Hanna Bilobrova ha viaggiato in auto per due ore, da Donetsk alla Lituania, per riportare a casa il suo corpo che lei stessa ha trovato riverso per strada, ormai esanime, e ora racconta a Repubblica di quei terribili momenti
“C’è una indagine in corso, spero che sia il più veloce possibile. Il suo caso è tra le prove dei crimini di guerra commessi dall’esercito russo in Ucraina“. A dirlo è Hanna Bilobrova, la moglie del regista lituano Mantas Kvedaravicius, trovato morto il 1 aprile scorso a Mariupol: ha viaggiato in auto per due ore, da Donetsk alla Lituania, per riportare a casa il suo corpo che lei stessa ha trovato riverso per strada, ormai esanime, e ora racconta a Repubblica di quei terribili momenti.
Lei e il marito erano arrivati in Ucraina il 20 marzo, in piena guerra, per documentare l’assedio russo a Mariupol: “Il motivo che ci ha spinto a partire sono i cittadini che abbiamo incontrato durante le riprese”, ha spiegato la donna riferendosi a Mariupolis, il documentario sulla cittadina ucraina che il marito aveva girato nel 2016. “Mio marito era impressionato dalle persone con cui vivevamo, in una chiesa diventata rifugio, perché facevano sempre qualcosa, come pulire le porte rotte”, ha raccontato ancora, sottolineando come Mantas si fosse da subito prodigato per aiutare i civili ucraini, oltre che pensare alle sue riprese. Così, un giorno ha deciso di accompagnare un uomo a radunare civili per aiutarli a scappare dalla città occupata: “Mi sono offerta di andare con lui, ma avrei occupato solo spazio utile per salvare altre persone“. Quella è stata l’ultima volta che ha visto suo marito: “A un checkpoint di soldati russi hanno controllato i documenti. Per via del suo passaporto lituano lo hanno accusato di essere un cecchino della Nato venuto per ucciderli“.

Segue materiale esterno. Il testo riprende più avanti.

(* Let $0<a<b<\infty$, $0<c<d<\infty$, $p,q>-1$ and $\alpha,\beta>0$. If $f:[a,b]\times[c,d]\to\mathbb{R}$ is of bounded variation in the sense of Arzelà, then the mixed Katugampola fractional integral ${}^{(p,q)}_{(a,c)}\mathfrak{I}^{(\alpha,\beta)}f$ is also of bounded variation in the sense of Arzelà on $[a,b]\times[c,d]$.
   Context: For $f:[a,b]\times[c,d]\to\mathbb{R}$ with $0<a<b$, $0<c<d$, real $\alpha,\beta>0$ and $(p,q)\neq(-1,-1)$, the mixed (left-hand sided) Katugampola fractional integral of $f$ is $$\big({}^{(p,q)}_{(a,c)}\mathfrak{I}^{(\alpha,\beta)}f\big)(x,y)=\frac{(p+1)^{1-\alpha}(q+1)^{1-\beta}}{\Gamma(\alpha)\Gamma(\beta)}\int_a^x\int_c^y (x^{p+1}-s^{p+1})^{\alpha-1}(y^{q+1}-t^{q+1})^{\beta-1}s^{p}t^{q}f(s,t)\,\mathrm{d}t\,\mathrm{d}s.$$ A function $f:[a,b]\times[c,d]\to\mathbb{R}$ is of bounded variation in the sense of Arzelà if there is a constant $K$ such that for every $m\in\mathbb{N}$ and all points $a=x_0\le x_1\le\dots\le x_m=b$, $c=y_0\le y_1\le\dots\le y_m=d$, one has $\sum_{i=0}^{m-1}|f(x_{i+1},y_{i+1})-f(x_i,y_i)|\le K$. Equivalently, $f=f_1-f_2$ with $f_1,f_2$ bounded and nondecreasing in each variable separately. *)

theory Defs
  imports "HOL-Analysis.Analysis"
begin

definition katugampola_mixed ::
  "real \<Rightarrow> real \<Rightarrow> real \<Rightarrow> real \<Rightarrow> real \<Rightarrow> real \<Rightarrow> (real \<Rightarrow> real \<Rightarrow> real) \<Rightarrow> real \<Rightarrow> real \<Rightarrow> real"
where
  "katugampola_mixed p q a c \<alpha> \<beta> f x y =
     (p + 1) powr (1 - \<alpha>) * (q + 1) powr (1 - \<beta>) / (Gamma \<alpha> * Gamma \<beta>) *
     integral {a..x} (\<lambda>s. integral {c..y} (\<lambda>t.
        (x powr (p + 1) - s powr (p + 1)) powr (\<alpha> - 1) *
        (y powr (q + 1) - t powr (q + 1)) powr (\<beta> - 1) *
        s powr p * t powr q * f s t))"

definition arzela_bv ::
  "real \<Rightarrow> real \<Rightarrow> real \<Rightarrow> real \<Rightarrow> (real \<Rightarrow> real \<Rightarrow> real) \<Rightarrow> bool"
where
  "arzela_bv a b c d f \<longleftrightarrow>
     (\<exists>K. \<forall>(m::nat) (xs::nat \<Rightarrow> real) (ys::nat \<Rightarrow> real).
        xs 0 = a \<and> xs m = b \<and> ys 0 = c \<and> ys m = d \<and>
        (\<forall>i<m. xs i \<le> xs (Suc i) \<and> ys i \<le> ys (Suc i)) \<longrightarrow>
        (\<Sum>i<m. \<bar>f (xs (Suc i)) (ys (Suc i)) - f (xs i) (ys i)\<bar>) \<le> K)"

end

theory Submission
  imports Defs
begin

(*
  An Arzela-BV function f is the difference of two nonnegative functions that are nondecreasing
  in each variable: with V(x, y) the supremum of the variations of f along monotone chains from
  (a, c) to (x, y), both V + |f(a, c)| and V - f + |f(a, c)| are nondecreasing, because appending
  a step to a chain adds its increment of |f| to the variation. Conversely, along a monotone chain
  the variation of such a difference telescopes, so it is Arzela-BV.

  The mixed fractional integral is linear with a nonnegative kernel and is an iterated
  one-dimensional integral, so it remains to see that x |-> int_A^x k(x, s) F(s) ds, with
  k(x, s) = (x^(p+1) - s^(p+1))^(alpha-1) s^p, is nondecreasing for nonnegative nondecreasing F.
  For x <= x' the substitution u^(p+1) = s^(p+1) + x'^(p+1) - x^(p+1) rewrites the integral at x
  as the integral of k(x', u) F(s) over a subinterval of [A, x'], where s <= u.
*)

lemma continuous_mono_on_image_atLeastAtMost:
  fixes g :: "'a::linear_continuum_topology \<Rightarrow> 'b::linorder_topology"
  assumes "a \<le> b" "mono_on {a..b} g" "continuous_on {a..b} g"
  shows "g ` {a..b} = {g a..g b}"
proof
  show "g ` {a..b} \<subseteq> {g a..g b}"
    using assms(1,2) by (auto simp: mono_on_def)
  show "{g a..g b} \<subseteq> g ` {a..b}"
    using IVT'[of g a _ b] assms(1,3) by force
qed

definition mono2_on :: "'a::order set \<Rightarrow> 'b::order set \<Rightarrow> ('a \<Rightarrow> 'b \<Rightarrow> 'c::order) \<Rightarrow> bool" where
  "mono2_on X Y h \<longleftrightarrow>
     (\<forall>x\<in>X. \<forall>x'\<in>X. \<forall>y\<in>Y. \<forall>y'\<in>Y. x \<le> x' \<longrightarrow> y \<le> y' \<longrightarrow> h x y \<le> h x' y')"

lemma mono2_onD:
  "mono2_on X Y h \<Longrightarrow> x \<in> X \<Longrightarrow> x' \<in> X \<Longrightarrow> y \<in> Y \<Longrightarrow> y' \<in> Y \<Longrightarrow> x \<le> x' \<Longrightarrow> y \<le> y'
    \<Longrightarrow> h x y \<le> h x' y'"
  by (simp add: mono2_on_def)

lemma mono2_on_swap: "mono2_on X Y h \<Longrightarrow> mono2_on Y X (\<lambda>y x. h x y)"
  unfolding mono2_on_def by blast

lemma mono2_on_imp_mono_on_fst:
  "mono2_on X Y h \<Longrightarrow> X' \<subseteq> X \<Longrightarrow> y \<in> Y \<Longrightarrow> mono_on X' (\<lambda>x. h x y)"
  unfolding mono2_on_def mono_on_def by blast

lemma mono2_on_imp_mono_on_snd:
  "mono2_on X Y h \<Longrightarrow> x \<in> X \<Longrightarrow> Y' \<subseteq> Y \<Longrightarrow> mono_on Y' (h x)"
  unfolding mono2_on_def mono_on_def by blast

definition arzela_chain ::
  "real \<Rightarrow> real \<Rightarrow> real \<Rightarrow> real \<Rightarrow> nat \<Rightarrow> (nat \<Rightarrow> real) \<Rightarrow> (nat \<Rightarrow> real) \<Rightarrow> bool" where
  "arzela_chain a c x y m xs ys \<longleftrightarrow>
     xs 0 = a \<and> xs m = x \<and> ys 0 = c \<and> ys m = y \<and> (\<forall>i<m. xs i \<le> xs (Suc i) \<and> ys i \<le> ys (Suc i))"

definition chain_variation ::
  "(real \<Rightarrow> real \<Rightarrow> real) \<Rightarrow> nat \<Rightarrow> (nat \<Rightarrow> real) \<Rightarrow> (nat \<Rightarrow> real) \<Rightarrow> real" where
  "chain_variation f m xs ys = (\<Sum>i<m. \<bar>f (xs (Suc i)) (ys (Suc i)) - f (xs i) (ys i)\<bar>)"

lemma arzela_bv_iff:
  "arzela_bv a b c d f \<longleftrightarrow>
     (\<exists>K. \<forall>m xs ys. arzela_chain a c b d m xs ys \<longrightarrow> chain_variation f m xs ys \<le> K)"
  by (simp add: arzela_bv_def arzela_chain_def chain_variation_def)

lemma arzela_chain_mono:
  assumes "arzela_chain a c x y m xs ys" "i \<le> j" "j \<le> m"
  shows "xs i \<le> xs j" "ys i \<le> ys j"
  using assms(2,3)
proof (induction j rule: dec_induct)
  case (step n)
  with assms(1,3) show "xs i \<le> xs (Suc n)" "ys i \<le> ys (Suc n)"
    by (auto simp: arzela_chain_def intro: order_trans)
qed simp_all

lemma arzela_chain_bounds:
  assumes "arzela_chain a c x y m xs ys" "i \<le> m"
  shows "a \<le> xs i" "xs i \<le> x" "c \<le> ys i" "ys i \<le> y"
  using arzela_chain_mono[OF assms(1), of 0 i] arzela_chain_mono[OF assms(1), of i m] assms
  by (auto simp: arzela_chain_def)

lemma arzela_chain_single:
  assumes "a \<le> x" "c \<le> y"
  shows "arzela_chain a c x y 1 (\<lambda>i. if i = 0 then a else x) (\<lambda>i. if i = 0 then c else y)"
    and "chain_variation f 1 (\<lambda>i. if i = 0 then a else x) (\<lambda>i. if i = 0 then c else y) = \<bar>f x y - f a c\<bar>"
  using assms by (simp_all add: arzela_chain_def chain_variation_def)

lemma arzela_chain_snoc:
  assumes "arzela_chain a c x y m xs ys" "x \<le> x'" "y \<le> y'"
  shows "arzela_chain a c x' y' (Suc m) (xs(Suc m := x')) (ys(Suc m := y'))"
    and "chain_variation f (Suc m) (xs(Suc m := x')) (ys(Suc m := y'))
           = chain_variation f m xs ys + \<bar>f x' y' - f x y\<bar>"
proof -
  show "arzela_chain a c x' y' (Suc m) (xs(Suc m := x')) (ys(Suc m := y'))"
    using assms by (auto simp: arzela_chain_def less_Suc_eq)
  have "chain_variation f m (xs(Suc m := x')) (ys(Suc m := y')) = chain_variation f m xs ys"
    unfolding chain_variation_def by (rule sum.cong) auto
  then show "chain_variation f (Suc m) (xs(Suc m := x')) (ys(Suc m := y'))
      = chain_variation f m xs ys + \<bar>f x' y' - f x y\<bar>"
    using assms(1) by (simp add: chain_variation_def arzela_chain_def)
qed

definition arzela_variation :: "(real \<Rightarrow> real \<Rightarrow> real) \<Rightarrow> real \<Rightarrow> real \<Rightarrow> real \<Rightarrow> real \<Rightarrow> real" where
  "arzela_variation f a c x y = Sup {chain_variation f m xs ys | m xs ys. arzela_chain a c x y m xs ys}"

lemma chain_variation_le_arzela_variation:
  assumes bv: "arzela_bv a b c d f" and "x \<le> b" "y \<le> d" and chain: "arzela_chain a c x y m xs ys"
  shows "chain_variation f m xs ys \<le> arzela_variation f a c x y"
  unfolding arzela_variation_def
proof (rule cSup_upper)
  obtain K where K: "\<And>m xs ys. arzela_chain a c b d m xs ys \<Longrightarrow> chain_variation f m xs ys \<le> K"
    using bv by (auto simp: arzela_bv_iff)
  show "bdd_above {chain_variation f m xs ys | m xs ys. arzela_chain a c x y m xs ys}"
  proof (rule bdd_aboveI, safe)
    fix m xs ys assume "arzela_chain a c x y m xs ys"
    from K[OF arzela_chain_snoc(1)[OF this assms(2,3)]] arzela_chain_snoc(2)[OF this assms(2,3), of f]
    show "chain_variation f m xs ys \<le> K" by simp
  qed
qed (use chain in blast)

lemma arzela_variation_superadditive:
  assumes bv: "arzela_bv a b c d f"
    and "a \<le> x" "x \<le> x'" "x' \<le> b" "c \<le> y" "y \<le> y'" "y' \<le> d"
  shows "arzela_variation f a c x y + \<bar>f x' y' - f x y\<bar> \<le> arzela_variation f a c x' y'"
proof -
  have "arzela_variation f a c x y \<le> arzela_variation f a c x' y' - \<bar>f x' y' - f x y\<bar>"
    unfolding arzela_variation_def
  proof (rule cSup_least)
    show "{chain_variation f m xs ys | m xs ys. arzela_chain a c x y m xs ys} \<noteq> {}"
      using arzela_chain_single(1)[OF assms(2,5)] by blast
    fix v assume "v \<in> {chain_variation f m xs ys | m xs ys. arzela_chain a c x y m xs ys}"
    then obtain m xs ys where v: "v = chain_variation f m xs ys" and chain: "arzela_chain a c x y m xs ys"
      by blast
    have "v + \<bar>f x' y' - f x y\<bar> \<le> arzela_variation f a c x' y'"
      using chain_variation_le_arzela_variation[OF bv assms(4,7) arzela_chain_snoc(1)[OF chain assms(3,6)]]
        arzela_chain_snoc(2)[OF chain assms(3,6)] v by simp
    then show "v \<le> Sup {chain_variation f m xs ys | m xs ys. arzela_chain a c x' y' m xs ys}
        - \<bar>f x' y' - f x y\<bar>"
      by (simp add: arzela_variation_def)
  qed
  then show ?thesis by simp
qed

lemma arzela_variation_nonneg:
  assumes "arzela_bv a b c d f" "a \<le> b" "c \<le> d"
  shows "0 \<le> arzela_variation f a c a c"
  using chain_variation_le_arzela_variation[OF assms arzela_chain_single(1)[of a a c c]]
    arzela_chain_single(2)[of a a c c f] by simp

lemma arzela_bv_imp_mono2_diff:
  assumes bv: "arzela_bv a b c d f" and "a \<le> b" "c \<le> d"
  obtains f1 f2 where "mono2_on {a..b} {c..d} f1" "mono2_on {a..b} {c..d} f2"
    and "\<And>x y. x \<in> {a..b} \<Longrightarrow> y \<in> {c..d} \<Longrightarrow> f x y = f1 x y - f2 x y \<and> 0 \<le> f1 x y \<and> 0 \<le> f2 x y"
proof
  define V where "V = arzela_variation f a c"
  have super: "V x y + \<bar>f x' y' - f x y\<bar> \<le> V x' y'"
    if "x \<in> {a..b}" "x' \<in> {a..b}" "y \<in> {c..d}" "y' \<in> {c..d}" "x \<le> x'" "y \<le> y'" for x y x' y'
    unfolding V_def using that by (intro arzela_variation_superadditive[OF bv]) auto
  show "mono2_on {a..b} {c..d} (\<lambda>x y. V x y + \<bar>f a c\<bar>)"
    unfolding mono2_on_def using super by force
  show "mono2_on {a..b} {c..d} (\<lambda>x y. V x y - f x y + \<bar>f a c\<bar>)"
    unfolding mono2_on_def
  proof (intro ballI impI)
    fix x x' y y' assume "x \<in> {a..b}" "x' \<in> {a..b}" "y \<in> {c..d}" "y' \<in> {c..d}" "x \<le> x'" "y \<le> y'"
    from super[OF this] show "V x y - f x y + \<bar>f a c\<bar> \<le> V x' y' - f x' y' + \<bar>f a c\<bar>"
      by linarith
  qed
  fix x y assume xy: "x \<in> {a..b}" "y \<in> {c..d}"
  have "V a c + \<bar>f x y - f a c\<bar> \<le> V x y"
    using super[of a x c y] xy assms(2,3) by auto
  moreover have "0 \<le> V a c"
    unfolding V_def by (rule arzela_variation_nonneg[OF assms])
  ultimately show "f x y = V x y + \<bar>f a c\<bar> - (V x y - f x y + \<bar>f a c\<bar>) \<and>
      0 \<le> V x y + \<bar>f a c\<bar> \<and> 0 \<le> V x y - f x y + \<bar>f a c\<bar>"
    by linarith
qed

Da allora Hanna Bilobrova ha girato per le strade della città e chiedendo ai soldati russi notizie di Mantas Kvedaravicius e mostrando la foto del suo passaporto. “Avevo paura di non trovarlo, ma ho deciso che non avrei lasciato Mariupol senza di lui. Vivo o morto“. Dopo quattro giorni di ricerche ha visto il suo corpo senza vita per strada: “Non toccarlo, potrebbe essere minato”, le ha detto un soldato russo. “Il suo corpo è stato caricato su un camion con altri soldati russi morti, in direzione Donetsk“. Così, anche lei è partita alla volta della repubblica secessionista filorussa: “Mi hanno aiutato, nonostante tutto erano coinvolti anche loro. Non potevo comunicare con il governo ucraino perché se no avrebbero ucciso anche me. Era l’unico modo possibile”. Lì ha affittato un’auto per portarlo a casa. “Adesso la cosa più importante per me è continuare il lavoro che Mantas aveva iniziato. Lui mi disse di tenere la macchina da presa con i filmati sempre con me:’ Se mi dovesse succedere qualcosa, una volta in Lituania, contatta i miei amici e ti aiuteranno a finire quello che abbiamo iniziato’, mi aveva detto”. E ora questo farà Hanna Bilobrova.